3 Japanese released by China as simmering row over disputed islands begins winding down

By Christopher Bodeen, AP
Thursday, September 30, 2010

3 Japanese freed by China as dispute winds down

BEIJING — China on Thursday released three Japanese detained after allegedly entering a restricted Chinese military zone, as tensions over a maritime dispute began to unwind.

The three were freed after admitting to violating Chinese law but a fourth, identified as Sadamu Takahashi, remained under house arrest and was being investigated for illegally videotaping military targets, China’s official Xinhua News Agency reported.

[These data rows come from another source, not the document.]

(* Let $FAF=\langle\mathcal A,\rho\rangle$ be a fuzzy argumentation framework and $E\subseteq\mathcal A$. For every $C\subseteq\mathcal A$: $E\in\mathcal{AE}(FAF,C)$ if and only if for every $S\in SCCS_{FAF}$, $$E\cap S\in\mathcal{AE}\big(FAF\downarrow_{R_{FAF}(S,E)},\,D_{FAF}(S,E)\cap C\big).$$
   Context: Fuzzy sets: a fuzzy set on a crisp set $X$ is a map $S:X\to[0,1]$; $S\subseteq S'$ means $S(x)\le S'(x)$ for all $x$; $\cap,\cup$ are pointwise $\min,\max$; $\mathrm{Supp}(S)=\{x:S(x)>0\}$. A fuzzy point $(x,a)$, $a\in(0,1]$, has value $a$ at $x$ and $0$ elsewhere; $(x,a)\in S$ means $a\le S(x)$. $a*b=\min\{a,b\}$. A fuzzy argumentation framework (FAF) is $\langle\mathcal A,\rho\rangle$ with $\mathrm{Args}$ a crisp set, $\mathcal A$ a fuzzy set on $\mathrm{Args}$, $\rho:\mathrm{Args}\times\mathrm{Args}\to[0,1]$, $\rho_{AB}=\rho(A,B)$; $A$ attacks $B$ iff $\rho_{AB}>0$. Fuzzy arguments are fuzzy points $(A,a)\in\mathcal A$. An attack of $(A,a)$ on $(B,b)$ is tolerable if $\min\{a,\rho_{AB}\}+b\le1$, sufficient otherwise. $(A,a)$ weakens $(B,b)$ to $(B,b')$, $b'=\min\{1-\min\{a,\rho_{AB}\},b\}$. $T\subseteq\mathcal A$ weakening defends $(C,c)$ if for every fuzzy argument $(B,b)$ sufficiently attacking $(C,c)$ there is $(A',a')\in T$ weakening $(B,b)$ to some $(B,b')$ which tolerably attacks $(C,c)$. $T$ is conflict-free if no $(A,a),(B,b)\in T$ with $(A,a)$ sufficiently attacking $(B,b)$; admissible if conflict-free and it weakening defends every element of $T$. For $C\subseteq\mathcal A$, $\mathcal{AE}(FAF,C)$ is the set of admissible $E$ with $E\subseteq C$. Path-equivalence on $\mathrm{Args}$: $A\sim B$ iff $A=B$ or there are chains of attacks from $A$ to $B$ and from $B$ to $A$. $SCC_{FAF}(A)$ is the fuzzy set with value $\mathcal A(B)$ at each $B\sim A$, $0$ elsewhere; $SCCS_{FAF}$ is the set of these strongly connected components. $outparents_{FAF}(S)$ is the fuzzy set of $(B,\mathcal A(B))$ with $B\notin\mathrm{Supp}(S)$ attacking some argument of $\mathrm{Supp}(S)$. For $T\subseteq\mathcal A$, $FAF\downarrow_T=\langle T,\rho|_{\mathrm{Supp}(T)\times\mathrm{Supp}(T)}\rangle$, and notions in $FAF\downarrow_T$ refer to its own fuzzy arguments and attacks. For $E\subseteq\mathcal A$, $S\in SCCS_{FAF}$: $L_{FAF}(S,E)(A)=\max_B\big((E\cap outparents_{FAF}(S))(B)*\rho_{BA}\big)$ for $A\in\mathrm{Supp}(S)$, $0$ elsewhere; $R_{FAF}(S,E)(A)=\min\{\mathcal A(A),1-L_{FAF}(S,E)(A)\}$ for $A\in\mathrm{Supp}(S)$, $0$ elsewhere; $D_{FAF}(S,E)$ is the union of fuzzy points $(A,a)\in R_{FAF}(S,E)$ such that for every $(B,b)\in outparents_{FAF}(S)$ sufficiently attacking $(A,a)$ there is $(C,c)\in E$ weakening $(B,b)$ to some $(B,b')$ which tolerably attacks $(A,a)$. *)

theory Defs
  imports Main "HOL.Real"
begin

definition fuzzy_set :: "('a \<Rightarrow> real) \<Rightarrow> bool" where
  "fuzzy_set S \<longleftrightarrow> (\<forall>x. 0 \<le> S x \<and> S x \<le> 1)"

definition fsub :: "('a \<Rightarrow> real) \<Rightarrow> ('a \<Rightarrow> real) \<Rightarrow> bool" where
  "fsub S S' \<longleftrightarrow> (\<forall>x. S x \<le> S' x)"

definition finter :: "('a \<Rightarrow> real) \<Rightarrow> ('a \<Rightarrow> real) \<Rightarrow> 'a \<Rightarrow> real" where
  "finter S S' = (\<lambda>x. min (S x) (S' x))"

Japanese Prime Minister Naoto Kan said the government would work to win Takahashi’s release “as soon as possible.”

The four were detained outside the northern city of Shijiazhuang on Sept. 21 amid a bitter territorial row between the countries triggered by a Sept. 7 collision between a Chinese fishing trawler and two Japanese patrol boats near disputed islands in the East China Sea.

Japan released the fishing boat captain over the weekend and said China needs to resolve the case of the four as the first step toward repairing ties.

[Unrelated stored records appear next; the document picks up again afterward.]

lemma sabs_mem_ideal:
  assumes "ml_ideal le sle A" and "y \<in> A"
  shows "s y \<in> A"
proof -
  have A: "subspace A" and mup_mem: "\<And>x y. x \<in> A \<Longrightarrow> y \<in> A \<Longrightarrow> x \<curlyvee> y \<in> A"
    using assms(1) unfolding ml_ideal_def by blast+
  have "0 \<in> A" using A by (rule subspace_0)
  then show ?thesis
    unfolding sabs_eq using mup_mem \<open>y \<in> A\<close> A by (intro subspace_diff subspace_add) auto
qed

end

locale quasi_regular_mixed_lattice_space = mixed_lattice_space +
  assumes quasi_regular: "quasi_regular le sle"
begin

lemma le_if_sle_zero:
  assumes "sle 0 p"
  shows "le 0 p"
proof -
  have "sle 0 (0 \<curlywedge> p)"
    using quasi_regular assms ordered_vs_refl[OF sle_ordered] unfolding quasi_regular_def by blast
  with mlow_sle have "0 \<curlywedge> p = 0" by (rule ordered_vs_antisym[OF sle_ordered])
  then show ?thesis using mlow_le[of 0 p] by simp
qed

lemma le_if_sle:
  assumes "sle a b"
  shows "le a b"
proof -
  have "sle 0 (b - a)" by (rule ordered_vs_shift[OF sle_ordered assms]) simp
  then have "le 0 (b - a)" by (rule le_if_sle_zero)
  then show ?thesis by (rule ordered_vs_shift[OF le_ordered]) simp
qed

lemma le_sabs: "le x (s x)"
proof -
  have "le (x + x) (x \<curlyvee> 0 + 0 \<curlyvee> x)"
    by (rule ordered_vs_add[OF le_ordered le_if_sle[OF sle_mup] le_mup])
  then show ?thesis by (rule ordered_vs_shift[OF le_ordered]) (simp add: sabs_eq)
qed

lemma neg_le_sabs: "le (- x) (s x)"
proof -
  have "le (0 + 0) (x \<curlyvee> 0 + 0 \<curlyvee> x)"
    by (rule ordered_vs_add[OF le_ordered le_mup le_if_sle[OF sle_mup]])
  then show ?thesis by (rule ordered_vs_shift[OF le_ordered]) (simp add: sabs_eq)
qed

lemma zero_mup_le_sabs: "le (0 \<curlyvee> x) (s x)"
  by (rule ordered_vs_shift[OF le_ordered le_if_sle[OF sle_mup[of x 0]]]) (simp add: sabs_eq)

lemma sabs_eq_self:
  assumes "sle 0 a"
  shows "s a = a"
proof -
  have "le (a \<curlyvee> 0) a"
    by (rule mup_least[OF ordered_vs_refl[OF sle_ordered] le_if_sle_zero[OF assms]])
  then have right: "a \<curlyvee> 0 = a"
    using ordered_vs_antisym[OF le_ordered _ le_if_sle[OF sle_mup]] by blast
  have "le (0 \<curlyvee> a) a" by (rule mup_least[OF assms ordered_vs_refl[OF le_ordered]])
  then have left: "0 \<curlyvee> a = a"
    using ordered_vs_antisym[OF le_ordered _ le_mup] by blast
  show ?thesis unfolding sabs_eq right left by simp
qed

China’s Foreign Ministry has denied any link between the detentions and the islands incident.

The arrests have been widely interpreted as part of a series of retaliatory moves aimed at pressuring Japan into acceding to Beijing’s demands over the islands issue.

Beijing had suspended provincial and ministerial-level contacts with Japan, along with talks on mutual development of gas-and-oil deposits in the East China Sea. China also reportedly suspended exports of rare earth minerals crucial to Japan’s high-tech sector and stepped-up customs inspections, slowing trade between Japan and its biggest export market.

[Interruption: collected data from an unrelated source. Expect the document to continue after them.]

definition children :: "(nat \<Rightarrow> nat \<Rightarrow> 'a::linorder) \<Rightarrow> nat \<Rightarrow> nat \<times> nat \<Rightarrow> (nat \<times> nat) set" where
  "children A k ab = (case ab of (a, b) \<Rightarrow>
     (if 2 * (b - a + 1) \<le> k then {}
      else (let a' = Min (snd ` topk A k a b); b' = Max (snd ` topk A k a b) in
            (if a < b' then {(a, b' - 1)} else {}) \<union> (if a' < b then {(a' + 1, b)} else {}))))"

inductive_set dag_nodes :: "(nat \<Rightarrow> nat \<Rightarrow> 'a::linorder) \<Rightarrow> nat \<Rightarrow> nat \<Rightarrow> (nat \<times> nat) set"
  for A k n where
  root: "(1, n) \<in> dag_nodes A k n"
| child: "ab \<in> dag_nodes A k n \<Longrightarrow> c \<in> children A k ab \<Longrightarrow> c \<in> dag_nodes A k n"

end

theory Submission
  imports Defs
begin

text \<open>Every node [a, b] is pinned by its neighbour columns: unless b = n, column b + 1 holds one
  of the k largest entries of [a, b + 1], and unless a = 1, column a - 1 holds one of the k largest
  entries of [a - 1, b]. Charge an interior node to whichever neighbour column has the smaller
  maximum, say column a - 1 with maximum x. If [a, b_1], ..., [a, b_m] with b_1 < ... < b_m are charged
  to a - 1, then the columns b_1 + 1, ..., b_(m-1) + 1 lie in [a - 1, b_m] and contain entries above x,
  which is among the k largest entries there; hence m \<le> k. So each column is charged at most 2k
  times, and together with the at most 2n border nodes this gives 2n + 2kn \<le> 6kn nodes.\<close>

definition count_greater :: "(nat \<Rightarrow> nat \<Rightarrow> 'a::linorder) \<Rightarrow> nat \<Rightarrow> nat \<Rightarrow> 'a \<Rightarrow> nat" where
  "count_greater A a b x = card {q \<in> positions a b. x < A (fst q) (snd q)}"

definition col_max :: "(nat \<Rightarrow> nat \<Rightarrow> 'a::linorder) \<Rightarrow> nat \<Rightarrow> 'a" where
  "col_max A j = max (A 1 j) (A 2 j)"

lemma finite_positions [simp]: "finite (positions a b)"
  by (simp add: positions_def)

lemma topk_subset_positions: "topk A k a b \<subseteq> positions a b"
  by (auto simp: topk_def)

lemma topk_nonempty:
  assumes "a \<le> b" "0 < k"
  shows "topk A k a b \<noteq> {}"
proof -
  let ?val = "\<lambda>q. A (fst q) (snd q)"
  have "positions a b \<noteq> {}"
    using assms(1) by (auto simp: positions_def)
  then have "Max (?val ` positions a b) \<in> ?val ` positions a b"
    by (intro Max_in) auto
  then obtain p where p: "p \<in> positions a b" "?val p = Max (?val ` positions a b)"
    by auto
  then have "{q \<in> positions a b. ?val p < ?val q} = {}"
    using Max_ge[of "?val ` positions a b"] by fastforce
  then have "card {q \<in> positions a b. ?val p < ?val q} < k"
    using assms(2) by (simp only: card.empty)
  then have "p \<in> topk A k a b"
    using p(1) unfolding topk_def by blast
  then show ?thesis
    by blast
qed

lemma topk_subinterval:
  assumes "p \<in> topk A k c d" "p \<in> positions a b" "c \<le> a" "b \<le> d"
  shows "p \<in> topk A k a b"
proof -
  have "positions a b \<subseteq> positions c d"
    using assms(3,4) by (auto simp: positions_def)
  then have "card {q \<in> positions a b. A (fst p) (snd p) < A (fst q) (snd q)}
      \<le> card {q \<in> positions c d. A (fst p) (snd p) < A (fst q) (snd q)}"
    by (intro card_mono) auto
  then show ?thesis
    using assms(1,2) by (auto simp: topk_def)
qed

lemma count_greater_col_max_lt:
  assumes "(i, j) \<in> topk A k a b"
  shows "count_greater A a b (col_max A j) < k"
proof -
  have "A i j \<le> col_max A j"
    using assms by (auto simp: topk_def positions_def col_max_def)
  then have "count_greater A a b (col_max A j) \<le> count_greater A a b (A i j)"
    unfolding count_greater_def by (intro card_mono) auto
  also have "\<dots> < k"
    using assms by (simp add: topk_def count_greater_def)
  finally show ?thesis .
qed

lemma col_max_inj_on:
  assumes "inj_on (\<lambda>(i, j). A i j) ({1, 2} \<times> {1..n})"
  shows "inj_on (col_max A) {1..n}"
proof (rule inj_onI)
  fix j j' assume j: "j \<in> {1..n}" "j' \<in> {1..n}" and eq: "col_max A j = col_max A j'"
  have "\<exists>i \<in> {1, 2}. col_max A l = A i l" for l
    by (auto simp: col_max_def max_def)
  then obtain i i' where "i \<in> {1, 2}" "i' \<in> {1, 2}" "col_max A j = A i j" "col_max A j' = A i' j'"
    by meson
  with j eq inj_onD[OF assms, of "(i, j)" "(i', j')"] show "j = j'"
    by auto
qed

Speaking to lawmakers, Kan called China’s response to the incident “extremely problematic,” and reasserted Japan’s claims to the disputed islands, known as Diaoyutai or Diaoyudao in Chinese and Senkaku in Japanese.

Japan “needs to make clear its stance that the Senkaku Islands are an integral part of Japanese territory,” Kan said at a parliamentary session convened specifically to discuss the collision case.

Japanese Foreign Ministry spokesman Hidenobu Sobashima said Tokyo was seeking more information from China about the latest developments and said both sides should exercise restraint.

“We will address this issue calmly and we hope that the Chinese side would also address this issue with calm,” Sobashima said.

Chinese Foreign Ministry spokeswoman Jiang Yu offered no additional details, saying only that the case remained under investigation.

“The relevant authorities will handle it according to the law,” Jiang told a regular news conference.

The four detained are employees of Fujita Corp., a Tokyo-based construction and urban redevelopment company, which has said the men were in China working to prepare a bid for a project to dispose of chemical weapons abandoned in China by the Japanese military at the end of World War II.

The company has identified the other three as Yoshiro Sasaki, 44, Hiroshi Hashimoto, 39, and Junichi Iguchi, 59.

The latest confrontation plunged relations between the sides to their lowest level since the 2001-2006 term of former Prime Minister Junichiro Koizumi, whose repeated visits to a war shrine in Japan enraged China and sparked a wave of violent anti-Japanese protests across the country.

The spat — and China’s unusually strong response — also raised questions about cooperation between the Asian powers at international meetings. Kan and Chinese Premier Wen Jiabao essentially ignored each other at a recent gathering at the United Nations and have no plans to meet at a major Asia-Europe forum in Belgium this weekend.

Despite that, both sides now appeared to be moving to contain the fallout, with China’s communist leaders not wishing to further stoke public anger that risks morphing into a genuine protest movement, said David Zweig, director of the Center on China’s Transnational Relations at Hong Kong University of Science and Technology.

“China never really wanted to see it get out of hand. It doesn’t like to see foreign policy go to the street,” he said.

Beijing is also seen as not wishing to poison relations with Kan’s new government, which took office less than four months ago, or strengthen the hand of hard-liners in Tokyo who cast China as a looming threat to their island nation.

“Neither of the governments would like to see the situation spin out of control so they handled the incident with restraint, but their fundamental stances will not change,” said Liang Yunxiang of Peking University’s School of International Studies.

Associated Press writer Shino Yuasa in Tokyo contributed to this report.